David Niget

Publié le 23 juin 2016*

David Niget est maître de conférences en histoire à l’Université d’Angers, affilié au Centre de recherches historiques de l’Ouest (CNRS, France) et au Centre d’histoire des régulations sociales (UQAM, Québec). Reconnu pour ses travaux sur la rééducation des mineurs au Québec, en France et en Belgique, il place l’agentivité historique de la jeunesse au cœur de ses recherches. Sa réflexion actuelle sur l’observation médico-pédagogique, qui se développe en France, en Belgique et au Québec entre 1945 et 1970, vise à mettre en lumière l’ascension des experts dans la définition et le traitement de la délinquance juvénile, révélant ainsi le double mouvement instauré par ces nouvelles approches : incitation à l’autonomisation des jeunes en tant que citoyens en devenir, d’une part, et subjectivation croissante de ces mêmes jeunes, ciblés par des thérapies nouvelles invasives de leur intimité psychique, de l’autre. Il ne s’agit ainsi pas uniquement de dévoiler les processus de prise en charge mais aussi d’examiner la réaction des jeunes à l’endroit de ceux-ci.


Entrevue par Cory Verbauwhede, en vue de la communication qui aura lieu le 1er septembre à 11 h intitulée « Sciences du psychisme et citoyenneté dans les institutions de rééducation pour jeunes délinquantes en France et en Belgique (1945-1970) ».


Cory Verbauwhede : Parlez-nous de votre parcours.

David Niget : Ma recherche doctorale, sous la direction de Jean-Marie Fecteau, fondateur du Centre d’histoire des régulations sociales dont je suis un chercheur affilié, a porté sur la mise en place du Tribunal pour enfants en France et au Québec.

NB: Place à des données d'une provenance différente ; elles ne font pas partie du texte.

(* Let $\mathcal H=\mathbb C^2$ with orthonormal basis $\{|0\rangle,|1\rangle\}$ and let $E_i=\tfrac12|\varphi_i\rangle\langle\varphi_i|$, $i=1,\dots,4$, where $|\varphi_1\rangle=|0\rangle$ and $|\varphi_{j}\rangle=\tfrac1{\sqrt3}|0\rangle+\sqrt{\tfrac23}e^{2\pi i (j-2)/3}|1\rangle$ for $j=2,3,4$ (the qubit SIC-POVM). Let $\mathcal T=\mathcal S(\mathbb C^2)$ be all qubit states and $\mathcal A$ the single POVM $\{E_i\}_{i=1}^4$. Then $(\mathcal T,\mathcal A,\mathcal A)$ is not broadcastable, but for every $n\in\mathbb N$ the map $\Xi_n(\rho)=\sum_{i=1}^4\mathrm{tr}[E_i\rho]\,(3|\varphi_i\rangle\langle\varphi_i|-I)^{\otimes n}$ is a trace-preserving linear map satisfying $\mathrm{tr}[(E_{i_1}\otimes\cdots\otimes E_{i_n})\Xi_n(\rho)]\ge0$ for all $i_1,\dots,i_n$ and all states $\rho$, and $\mathrm{tr}[E_{j}\,\mathrm{tr}_{k^c}\Xi_n(\rho)]=\mathrm{tr}[E_j\rho]$ for all $j$, all $k\in\{1,\dots,n\}$ and all states $\rho$; i.e. the scenario is $1\to n$-pseudo-broadcastable for all $n$.
   Context: $(\mathcal T,\mathcal A,\mathcal A)$ is broadcastable if there is a completely positive trace-preserving map $\Lambda:\mathcal L(\mathcal H)\to\mathcal L(\mathcal H\otimes\mathcal H)$ such that $\mathrm{tr}[A_k\mathrm{tr}_2\Lambda(\rho)]=\mathrm{tr}[A_k\rho]=\mathrm{tr}[A_k\mathrm{tr}_1\Lambda(\rho)]$ for all $\{A_k\}\in\mathcal A$, $\rho\in\mathcal T$, $k$. $\mathrm{tr}_{k^c}$ denotes the partial trace over all tensor factors except the $k$-th. *)

theory Defs
  imports "Jordan_Normal_Form.Matrix" "Jordan_Normal_Form.Conjugate"
begin

(* Operators on C^d are complex d x d matrices (Jordan_Normal_Form).
   Tensor factors are ordered so that the first factor carries the most
   significant index digit (standard Kronecker convention). *)

definition mtrace :: "complex mat \<Rightarrow> complex" where
  "mtrace A = (\<Sum>i<dim_row A. A $$ (i, i))"

(* positive semidefinite: <v, A v> >= 0 (real, non-negative; complex order) *)
definition psd :: "nat \<Rightarrow> complex mat \<Rightarrow> bool" where
  "psd d A \<longleftrightarrow> A \<in> carrier_mat d d \<and> (\<forall>v \<in> carrier_vec d. 0 \<le> (A *\<^sub>v v) \<bullet> conjugate v)"

definition states :: "nat \<Rightarrow> complex mat set" where
  "states d = {\<rho>. psd d \<rho> \<and> mtrace \<rho> = 1}"

definition kron :: "complex mat \<Rightarrow> complex mat \<Rightarrow> complex mat" where
  "kron A B = mat (dim_row A * dim_row B) (dim_col A * dim_col B)
     (\<lambda>(i, j). A $$ (i div dim_row B, j div dim_col B) * B $$ (i mod dim_row B, j mod dim_col B))"

definition kron_list :: "complex mat list \<Rightarrow> complex mat" where
  "kron_list As = foldr kron As (1\<^sub>m 1)"

definition kron_pow :: "complex mat \<Rightarrow> nat \<Rightarrow> complex mat" where
  "kron_pow A n = kron_list (replicate n A)"

definition ketbra :: "complex vec \<Rightarrow> complex mat" where
  "ketbra v = mat (dim_vec v) (dim_vec v) (\<lambda>(a, b). v $ a * cnj (v $ b))"

definition lin_map :: "nat \<Rightarrow> nat \<Rightarrow> (complex mat \<Rightarrow> complex mat) \<Rightarrow> bool" where
  "lin_map d d' \<Lambda> \<longleftrightarrow>
     (\<forall>A \<in> carrier_mat d d. \<Lambda> A \<in> carrier_mat d' d') \<and>
     (\<forall>A \<in> carrier_mat d d. \<forall>B \<in> carrier_mat d d. \<Lambda> (A + B) = \<Lambda> A + \<Lambda> B) \<and>
     (\<forall>A \<in> carrier_mat d d. \<forall>c. \<Lambda> (c \<cdot>\<^sub>m A) = c \<cdot>\<^sub>m \<Lambda> A)"

definition trace_preserving :: "nat \<Rightarrow> (complex mat \<Rightarrow> complex mat) \<Rightarrow> bool" where
  "trace_preserving d \<Lambda> \<longleftrightarrow> (\<forall>A \<in> carrier_mat d d. mtrace (\<Lambda> A) = mtrace A)"

(* id_m \<otimes> \<Lambda>, applied blockwise to an (m*d) x (m*d) matrix (ancilla C^m first) *)
definition id_tensor :: "nat \<Rightarrow> nat \<Rightarrow> nat \<Rightarrow> (complex mat \<Rightarrow> complex mat) \<Rightarrow> complex mat \<Rightarrow> complex mat" where
  "id_tensor m d d' \<Lambda> X = mat (m * d') (m * d')
     (\<lambda>(i, j). \<Lambda> (mat d d (\<lambda>(a, b). X $$ ((i div d') * d + a, (j div d') * d + b))) $$ (i mod d', j mod d'))"

definition completely_positive :: "nat \<Rightarrow> nat \<Rightarrow> (complex mat \<Rightarrow> complex mat) \<Rightarrow> bool" where
  "completely_positive d d' \<Lambda> \<longleftrightarrow>
     (\<forall>m \<ge> 1. \<forall>X. psd (m * d) X \<longrightarrow> psd (m * d') (id_tensor m d d' \<Lambda> X))"

definition cptp :: "nat \<Rightarrow> nat \<Rightarrow> (complex mat \<Rightarrow> complex mat) \<Rightarrow> bool" where
  "cptp d d' \<Lambda> \<longleftrightarrow> lin_map d d' \<Lambda> \<and> completely_positive d d' \<Lambda> \<and> trace_preserving d \<Lambda>"

(* partial traces on C^d \<otimes> C^d: tr_2 keeps factor 1, tr_1 keeps factor 2 *)
definition ptrace2 :: "nat \<Rightarrow> complex mat \<Rightarrow> complex mat" where
  "ptrace2 d X = mat d d (\<lambda>(a, b). \<Sum>c<d. X $$ (a * d + c, b * d + c))"

definition ptrace1 :: "nat \<Rightarrow> complex mat \<Rightarrow> complex mat" where
  "ptrace1 d X = mat d d (\<lambda>(a, b). \<Sum>c<d. X $$ (c * d + a, c * d + b))"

J’ai voulu apporter une perspective non-institutionnelle et non-juridique à une histoire qui demeure très classique dans son ensemble, en centrant mon travail sur les jeunes et leur « expérience sociale ». Je me suis d’abord intéressé à la première période d’existence du tribunal, de sa fondation en 1912 au sortir de la Deuxième Guerre mondiale, puis un poste de recherche postdoctorale à l’Université catholique de Louvain (UCL) m’a permis d’étendre la période étudiée jusqu’aux années 1950-1960, en me penchant sur le cas, passionnant, de la Belgique.

CV : Comment distingueriez-vous votre approche d’une historiographie plus « classique »?

DN : Lorsque j’étais aux études, l’histoire sociale se concentrait de plus en plus sur les acteurs, en suivant les propositions épistémologiques de Boltanski par exemple. Dans mon domaine, cela impliquait de s’intéresser au « sujet juvénile » qui fait face aux systèmes de normes instaurés par les institutions bien plus qu’aux institutions elles-mêmes. Je suis donc un chercheur de mon époque.

CV : Pour le colloque Question sociale et citoyenneté, vous proposez une communication sur le point de vue des jeunes face à l’intervention des experts en matière de « psychisme » dans le dispositif pénal des jeunes en Belgique et en France. Comment en êtes-vous arrivé à vous intéresser à ce sujet, et surtout, quelles sont vos sources, puisqu’il s’agit d’une histoire qu’on devine peu documentée?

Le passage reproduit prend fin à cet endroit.